__EXERCISE DATA__:
- Opening Delimiter -
(* Let \[ g=\begin{pmatrix}A&C\\0&B\end{pmatrix}\in\mathrm{GL}_{n+m}(L), \] where $A\in\mathrm{GL}_n(L)$ and $B\in\mathrm{GL}_m(L)$ are monomial matrices in the sense that each row of $A$ and each column of $B$ contains exactly one nonzero entry. For $1\le i\le n$ let $\alpha_i$ be the valuation of the unique nonzero entry in row $i$ of $A$, and for $1\le j\le m$ let $\beta_j$ be the valuation of the unique nonzero entry in column $j$ of $B$. Order the combined list $\{\alpha_1,\dots,\alpha_n,\beta_1,\dots,\beta_m\}$ as $\gamma_1\le\gamma_2\le\cdots\le\gamma_{n+m}$. Then \[ g\in K\,\mathrm{diag}(t^{\gamma_1},\dots,t^{\gamma_{n+m}})\,K \] if and only if every entry $c_{ij}$ of the block $C$ satisfies $v(c_{ij})\ge\min\{\alpha_i,\beta_j\}$.
   Context: $F$ is a non-Archimedean local field with uniformizer $t$; $L$ is the completion of the maximal unramified extension of $F$, with ring of integers $\mathcal O_L$ and normalized valuation $v$ ($v(t)=1$). $K=\mathrm{GL}_{n+m}(\mathcal O_L)$. *)

theory Defs
  imports "Jordan_Normal_Form.Matrix"
begin

text \<open>A normalized discrete valuation v on a field, with uniformizer t (v t = 1).
  The value v 0 is irrelevant (0 has valuation +infinity); all axioms only
  concern nonzero elements.\<close>
definition normalized_dval :: "('a::field \<Rightarrow> int) \<Rightarrow> 'a \<Rightarrow> bool" where
  "normalized_dval v t \<longleftrightarrow> t \<noteq> 0 \<and> v t = 1 \<and>
     (\<forall>x y. x \<noteq> 0 \<and> y \<noteq> 0 \<longrightarrow> v (x * y) = v x + v y) \<and>
     (\<forall>x y. x \<noteq> 0 \<and> y \<noteq> 0 \<and> x + y \<noteq> 0 \<longrightarrow> v (x + y) \<ge> min (v x) (v y))"

definition integral :: "('a::field \<Rightarrow> int) \<Rightarrow> 'a \<Rightarrow> bool" where
  "integral v x \<longleftrightarrow> x = 0 \<or> v x \<ge> 0"

definition integral_mat :: "('a::field \<Rightarrow> int) \<Rightarrow> 'a mat \<Rightarrow> bool" where
  "integral_mat v M \<longleftrightarrow> (\<forall>i < dim_row M. \<forall>j < dim_col M. integral v (M $$ (i, j)))"

definition GL_int :: "('a::field \<Rightarrow> int) \<Rightarrow> nat \<Rightarrow> 'a mat set" where
  "GL_int v N = {k. k \<in> carrier_mat N N \<and> integral_mat v k \<and>
      (\<exists>k'. k' \<in> carrier_mat N N \<and> integral_mat v k' \<and> k * k' = 1\<^sub>m N \<and> k' * k = 1\<^sub>m N)}"

definition diag_pow :: "'a::field \<Rightarrow> int list \<Rightarrow> 'a mat" where
  "diag_pow t gs = mat (length gs) (length gs) (\<lambda>(i, j). if i = j then t powi (gs ! i) else 0)"

definition row_monomial :: "'a::zero mat \<Rightarrow> bool" where
  "row_monomial A \<longleftrightarrow> (\<forall>i < dim_row A. \<exists>!j. j < dim_col A \<and> A $$ (i, j) \<noteq> 0)"

definition col_monomial :: "'a::zero mat \<Rightarrow> bool" where
  "col_monomial B \<longleftrightarrow> (\<forall>j < dim_col B. \<exists>!i. i < dim_row B \<and> B $$ (i, j) \<noteq> 0)"

definition row_entry :: "'a::zero mat \<Rightarrow> nat \<Rightarrow> 'a" where
  "row_entry A i = A $$ (i, THE j. j < dim_col A \<and> A $$ (i, j) \<noteq> 0)"

definition col_entry :: "'a::zero mat \<Rightarrow> nat \<Rightarrow> 'a" where
  "col_entry B j = B $$ (THE i. i < dim_row B \<and> B $$ (i, j) \<noteq> 0, j)"

end

theory Submission
  imports Defs "Jordan_Normal_Form.Determinant"
begin

text \<open>
  Write \<open>K = GL_int v N\<close> and \<open>D\<^sub>\<gamma> = diag_pow t \<gamma>\<close>. Permutation matrices lie in \<open>K\<close>, so the
  double coset \<open>K D\<^sub>\<gamma> K\<close> does not depend on the order of \<open>\<gamma>\<close>, and since the monomial blocks
  factor as \<open>A = diag a * perm\<close> and \<open>B = perm * diag b\<close>, we may replace \<open>g\<close> by
  \<open>G = [[diag a, C], [0, diag b]]\<close> and \<open>\<gamma>\<close> by the unsorted list of valuations of \<open>a\<close> and \<open>b\<close>.

  If \<open>min (v a\<^sub>i) (v b\<^sub>j) \<le> v c\<^sub>i\<^sub>j\<close> for all entries, then \<open>C = diag a * Y + X * diag b\<close> with
  integral \<open>X\<close>, \<open>Y\<close>, and \<open>G = [[1, X], [0, 1]] * diag (a, b) * [[1, Y], [0, 1]] \<in> K D\<^sub>\<gamma> K\<close>.

  Conversely let \<open>\<mu> = v c\<^sub>i\<^sub>j < v a\<^sub>i, v b\<^sub>j\<close> and let \<open>L\<close> be the set of indices whose exponent is
  at most \<open>\<mu>\<close>. If \<open>G = k\<^sub>1 D\<^sub>\<gamma> k\<^sub>2\<close> and \<open>H\<close> agrees with \<open>G\<close> on the rows \<open>L \<union> {i}\<close> and is
  integral elsewhere, then \<open>H k\<^sub>2\<^sup>-\<^sup>1\<close> agrees with \<open>k\<^sub>1 D\<^sub>\<gamma>\<close> on these rows, so every term of the
  Leibniz expansion of its determinant has valuation at least a sum of \<open>|L| + 1\<close> distinct
  exponents, hence at least \<open>\<mu> + 1 + \<Sum>\<^sub>L \<gamma>\<close>. Completing the rows \<open>L \<union> {i}\<close> of \<open>G\<close> by rows of a
  transposition matrix gives such an \<open>H\<close> whose determinant has valuation exactly \<open>\<mu> + \<Sum>\<^sub>L \<gamma>\<close>.
\<close>

section \<open>Matrix identities\<close>

lemma index_mult_mat_sum:
  assumes "A \<in> carrier_mat n k" "B \<in> carrier_mat k l" "i < n" "j < l"
  shows "(A * B) $$ (i, j) = (\<Sum>r<k. A $$ (i, r) * B $$ (r, j))"
  using assms by (simp add: scalar_prod_def atLeast0LessThan)

lemma index_mult_mat_row_cong:
  assumes "A \<in> carrier_mat n k" "A' \<in> carrier_mat n' k" "B \<in> carrier_mat k l"
    and "i < n" "i < n'" "j < l" and "\<And>c. c < k \<Longrightarrow> A $$ (i, c) = A' $$ (i, c)"
  shows "(A * B) $$ (i, j) = (A' * B) $$ (i, j)"
  unfolding index_mult_mat_sum[OF assms(1,3,4,6)] index_mult_mat_sum[OF assms(2,3,5,6)]
  using assms(7) by simp

lemma assoc_mult_mat5:
  assumes "A \<in> carrier_mat n n" "B \<in> carrier_mat n n" "C \<in> carrier_mat n n"
    "D \<in> carrier_mat n n" "E \<in> carrier_mat n n"
  shows "A * (B * C * D) * E = (A * B) * C * (D * E)"
proof -
  have "A * (B * C * D) * E = A * (B * C * D * E)"
    using assms by (intro assoc_mult_mat) auto
  also have "B * C * D * E = B * C * (D * E)"
    using assms by (intro assoc_mult_mat) auto
  also have "A * (B * C * (D * E)) = A * (B * C) * (D * E)"
    using assms by (intro assoc_mult_mat[symmetric]) auto
  also have "A * (B * C) = A * B * C"
    using assms by (intro assoc_mult_mat[symmetric]) auto
  finally show ?thesis .
qed

lemma transpose_mat_diag: "transpose_mat (mat_diag n f) = mat_diag n f"
  by (intro eq_matI) (auto simp: mat_diag_def)

lemma map_upt_add_eq_append:
  "map f [0..<n + m] = map f [0..<n] @ map (\<lambda>j. f (n + j)) [0..<m]"
proof -
  have "[n..<n + m] = map (\<lambda>j. n + j) [0..<m]"
    using map_add_upt[of n m] by (simp add: add.commute)
  then show ?thesis by (simp add: upt_add_eq_append[of 0 n m])
qed

lemma four_block_mat_diag:
  "four_block_mat (mat_diag n a) (0\<^sub>m n m) (0\<^sub>m m n) (mat_diag m b)
     = mat_diag (n + m) (\<lambda>l. if l < n then a l else b (l - n))"
  by (intro eq_matI) (auto simp: mat_diag_def)

lemma unipotent_mult_block_diag:
  fixes D :: "'a::comm_ring_1 mat"
  assumes "D \<in> carrier_mat n n" "E \<in> carrier_mat m m" "X \<in> carrier_mat n m" "Y \<in> carrier_mat n m"
  shows "four_block_mat (1\<^sub>m n) X (0\<^sub>m m n) (1\<^sub>m m) * four_block_mat D (0\<^sub>m n m) (0\<^sub>m m n) E
      * four_block_mat (1\<^sub>m n) Y (0\<^sub>m m n) (1\<^sub>m m)
    = four_block_mat D (D * Y + X * E) (0\<^sub>m m n) E"
  using assms
  by (simp add: mult_four_block_mat[OF one_carrier_mat _ zero_carrier_mat one_carrier_mat
        _ zero_carrier_mat zero_carrier_mat]
      mult_four_block_mat[OF _ _ zero_carrier_mat _ one_carrier_mat _ zero_carrier_mat one_carrier_mat])

lemma upper_block_mult_unipotent:
  fixes A :: "'a::semiring_1 mat"
  assumes A: "A \<in> carrier_mat n n" and C: "C \<in> carrier_mat n m" and B: "B \<in> carrier_mat m m"
    and Z: "Z \<in> carrier_mat n m"
  shows "four_block_mat A C (0\<^sub>m m n) B * four_block_mat (1\<^sub>m n) Z (0\<^sub>m m n) (1\<^sub>m m)
    = four_block_mat A (A * Z + C) (0\<^sub>m m n) B"
  using assms by (simp add: mult_four_block_mat[OF A C zero_carrier_mat B
        one_carrier_mat Z zero_carrier_mat one_carrier_mat])

lemma block_diag_mult_upper_block:
  fixes A :: "'a::semiring_1 mat"
  assumes P: "P \<in> carrier_mat m m" and Q: "Q \<in> carrier_mat n n"
    and A: "A \<in> carrier_mat n n" and C: "C \<in> carrier_mat n m" and B: "B \<in> carrier_mat m m"
  shows "four_block_mat (1\<^sub>m n) (0\<^sub>m n m) (0\<^sub>m m n) P * four_block_mat A C (0\<^sub>m m n) B
      * four_block_mat Q (0\<^sub>m n m) (0\<^sub>m m n) (1\<^sub>m m)
    = four_block_mat (A * Q) C (0\<^sub>m m n) (P * B)"
proof -
  have "four_block_mat (1\<^sub>m n) (0\<^sub>m n m) (0\<^sub>m m n) P * four_block_mat A C (0\<^sub>m m n) B
      = four_block_mat A C (0\<^sub>m m n) (P * B)"
    using assms by (simp add: mult_four_block_mat[OF one_carrier_mat zero_carrier_mat zero_carrier_mat P
          A C zero_carrier_mat B])
  also have "\<dots> * four_block_mat Q (0\<^sub>m n m) (0\<^sub>m m n) (1\<^sub>m m) = four_block_mat (A * Q) C (0\<^sub>m m n) (P * B)"
    using assms by (simp add: mult_four_block_mat[OF A C zero_carrier_mat mult_carrier_mat[OF P B]
          Q zero_carrier_mat zero_carrier_mat one_carrier_mat])
  finally show ?thesis .
qed

section \<open>Permutation matrices\<close>

definition perm_mat :: "nat \<Rightarrow> (nat \<Rightarrow> nat) \<Rightarrow> 'a::{zero,one} mat" where
  "perm_mat n p = mat n n (\<lambda>(i, j). if j = p i then 1 else 0)"

lemma perm_mat_carrier [simp]: "perm_mat n p \<in> carrier_mat n n"
  and perm_mat_dim [simp]: "dim_row (perm_mat n p) = n" "dim_col (perm_mat n p) = n"
  by (simp_all add: perm_mat_def)

lemma perm_mat_mult_left:
  fixes X :: "'a::semiring_1 mat"
  assumes p: "p permutes {..<n}" and X: "X \<in> carrier_mat n k"
  shows "perm_mat n p * X = mat n k (\<lambda>(i, j). X $$ (p i, j))"
proof (rule eq_matI, insert X, auto simp: perm_mat_def scalar_prod_def, goal_cases)
  case (1 i j)
  then have "p i < n" using permutes_in_image[OF p] by simp
  then show ?case by (subst sum.remove[of _ "p i"]) auto
qed

lemma perm_mat_mult_right:
  fixes X :: "'a::semiring_1 mat"
  assumes p: "p permutes {..<n}" and X: "X \<in> carrier_mat k n"
  shows "X * perm_mat n p = mat k n (\<lambda>(i, j). X $$ (i, Hilbert_Choice.inv p j))"
proof (rule eq_matI, insert X, auto simp: perm_mat_def scalar_prod_def, goal_cases)
  case (1 i j)
  have "j = p l \<longleftrightarrow> l = Hilbert_Choice.inv p j" for l
    using permutes_inverses[OF p] by metis
  moreover have "Hilbert_Choice.inv p j < n"
    using permutes_in_image[OF permutes_inv[OF p]] 1 by simp
  ultimately show ?case by (subst sum.remove[of _ "Hilbert_Choice.inv p j"]) auto
qed

lemma perm_mat_inverse:
  assumes p: "p permutes {..<n}"
  shows "perm_mat n p * perm_mat n (Hilbert_Choice.inv p) = (1\<^sub>m n :: 'a::semiring_1 mat)"
    and "perm_mat n (Hilbert_Choice.inv p) * perm_mat n p = (1\<^sub>m n :: 'a::semiring_1 mat)"
proof -
  note p' = permutes_inv[OF p]
  show "perm_mat n p * perm_mat n (Hilbert_Choice.inv p) = (1\<^sub>m n :: 'a mat)"
    unfolding perm_mat_mult_left[OF p perm_mat_carrier]
    using permutes_inverses[OF p] permutes_in_image[OF p] by (intro eq_matI) (auto simp: perm_mat_def)
  show "perm_mat n (Hilbert_Choice.inv p) * perm_mat n p = (1\<^sub>m n :: 'a mat)"
    unfolding perm_mat_mult_left[OF p' perm_mat_carrier]
    using permutes_inverses[OF p] permutes_in_image[OF p'] by (intro eq_matI) (auto simp: perm_mat_def)
qed

lemma det_perm_mat:
  assumes p: "p permutes {..<n}"
  shows "det (perm_mat n p :: 'a::comm_ring_1 mat) = signof p"
proof -
  have "perm_mat n p = mat n n (\<lambda>(i, j). (1\<^sub>m n :: 'a mat) $$ (p i, j))"
    using permutes_in_image[OF p] by (intro eq_matI) (auto simp: perm_mat_def)
  then show ?thesis
    using det_permute_rows[OF one_carrier_mat, of p n] p by (simp add: atLeast0LessThan)
qed

lemma transpose_perm_mat:
  assumes "p permutes {..<n}"
  shows "transpose_mat (perm_mat n p) = perm_mat n (Hilbert_Choice.inv p)"
  using permutes_inverses[OF assms] by (intro eq_matI) (auto simp: perm_mat_def)

section \<open>Monomial matrices\<close>

lemma invertible_mat_inverse:
  assumes A: "A \<in> carrier_mat n n" and "invertible_mat A"
  obtains B where "B \<in> carrier_mat n n" "A * B = 1\<^sub>m n" "B * A = 1\<^sub>m n"
proof -
  obtain B where AB: "A * B = 1\<^sub>m n" and BA: "B * A = 1\<^sub>m (dim_row B)"
    using assms unfolding invertible_mat_def inverts_mat_def by auto
  have "dim_col B = n" using arg_cong[OF AB, of dim_col] by simp
  moreover have "dim_row B = n" using arg_cong[OF BA, of dim_col] A by simp
  ultimately show ?thesis using that AB BA by auto
qed

lemma invertible_mat_col_nonzero:
  assumes A: "A \<in> carrier_mat n n" "invertible_mat A" and j: "j < n"
  shows "\<exists>i<n. A $$ (i, j) \<noteq> 0"
proof (rule ccontr)
  obtain B where B: "B \<in> carrier_mat n n" "B * A = 1\<^sub>m n"
    using invertible_mat_inverse[OF A] by blast
  assume "\<not> (\<exists>i<n. A $$ (i, j) \<noteq> 0)"
  then have "(B * A) $$ (j, j) = 0"
    using index_mult_mat_sum[OF B(1) A(1) j j] by simp
  then show False using B j by simp
qed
- Closing Delimiter -
Search the entries for "unfolding" and copy out each line that has it.

__EXPECTED ANSWER__:
  unfolding index_mult_mat_sum[OF assms(1,3,4,6)] index_mult_mat_sum[OF assms(2,3,5,6)]
    unfolding perm_mat_mult_left[OF p perm_mat_carrier]
    unfolding perm_mat_mult_left[OF p' perm_mat_carrier]
    using assms unfolding invertible_mat_def inverts_mat_def by auto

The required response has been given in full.